▸ **Task goal**: Look through the material below and give the number of lines where the string "intro" appears, without any other words.

▸ **Data records**:
text \<open>DASH keeps the healing graph \<open>G'\<close> a forest on whose components the current IDs are
  constant. When \<open>v\<close> is deleted, the nodes of \<open>UN(v,G)\<close> carry pairwise distinct IDs, all
  different from the ID of \<open>v\<close>, while the \<open>G'\<close>-neighbours of \<open>v\<close> carry the ID of \<open>v\<close> and lie in
  different components of \<open>G' - v\<close>. Hence the nodes of the healing tree lie in pairwise distinct
  components, the tree closes no cycle, and giving the merged component a single ID restores the
  invariant. Weight is only moved, never created, so the surviving nodes carry total weight at
  most \<open>n\<close>. Finally the trees \<open>T(u,v)\<close> for \<open>u \<in> N(v,G')\<close> are disjoint components of \<open>G' - v\<close>, so
  \<open>rem(v)\<close> is bounded by the total weight.\<close>

lemma adj_sym: "(a, b) \<in> adj A H \<Longrightarrow> (b, a) \<in> adj A H"
  by (auto simp: adj_def insert_commute)

lemma rtrancl_adj_sym: "(a, b) \<in> (adj A H)\<^sup>* \<Longrightarrow> (b, a) \<in> (adj A H)\<^sup>*"
  by (induction rule: rtrancl_induct) (auto intro: adj_sym converse_rtrancl_into_rtrancl)

lemma rtrancl_adj_mono: "A \<subseteq> A' \<Longrightarrow> H \<subseteq> H' \<Longrightarrow> (adj A H)\<^sup>* \<subseteq> (adj A' H')\<^sup>*"
  by (rule rtrancl_mono) (auto simp: adj_def)

lemma rtrancl_adj_endpoints: "(x, y) \<in> (adj A H)\<^sup>* \<Longrightarrow> x \<noteq> y \<Longrightarrow> x \<in> A \<and> y \<in> A"
  by (auto elim: converse_rtranclE rtranclE simp: adj_def)

lemma adj_insert_edge:
  "x \<in> A \<Longrightarrow> y \<in> A \<Longrightarrow> x \<noteq> y \<Longrightarrow> adj A (insert {x, y} F) = adj A F \<union> {(x, y), (y, x)}"
  by (auto simp: adj_def doubleton_eq_iff)

lemma mem_comp_iff_of_rtrancl_adj:
  assumes "(x, y) \<in> (adj A H)\<^sup>*"
  shows "x \<in> comp A H z \<longleftrightarrow> y \<in> comp A H z"
  using assms rtrancl_adj_endpoints[OF assms] rtrancl_adj_sym[OF assms]
  by (cases "x = y") (auto simp: comp_def intro: rtrancl_trans)

lemma rtrancl_Un_sym_pair:
  "(p, q) \<in> (R \<union> {(x, y), (y, x)})\<^sup>* \<Longrightarrow>
    (p, q) \<in> R\<^sup>* \<or> (p, x) \<in> R\<^sup>* \<and> (y, q) \<in> R\<^sup>* \<or> (p, y) \<in> R\<^sup>* \<and> (x, q) \<in> R\<^sup>*"
  by (induction rule: rtrancl_induct) (auto intro: rtrancl_into_rtrancl)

▸ **Exercise result**: 3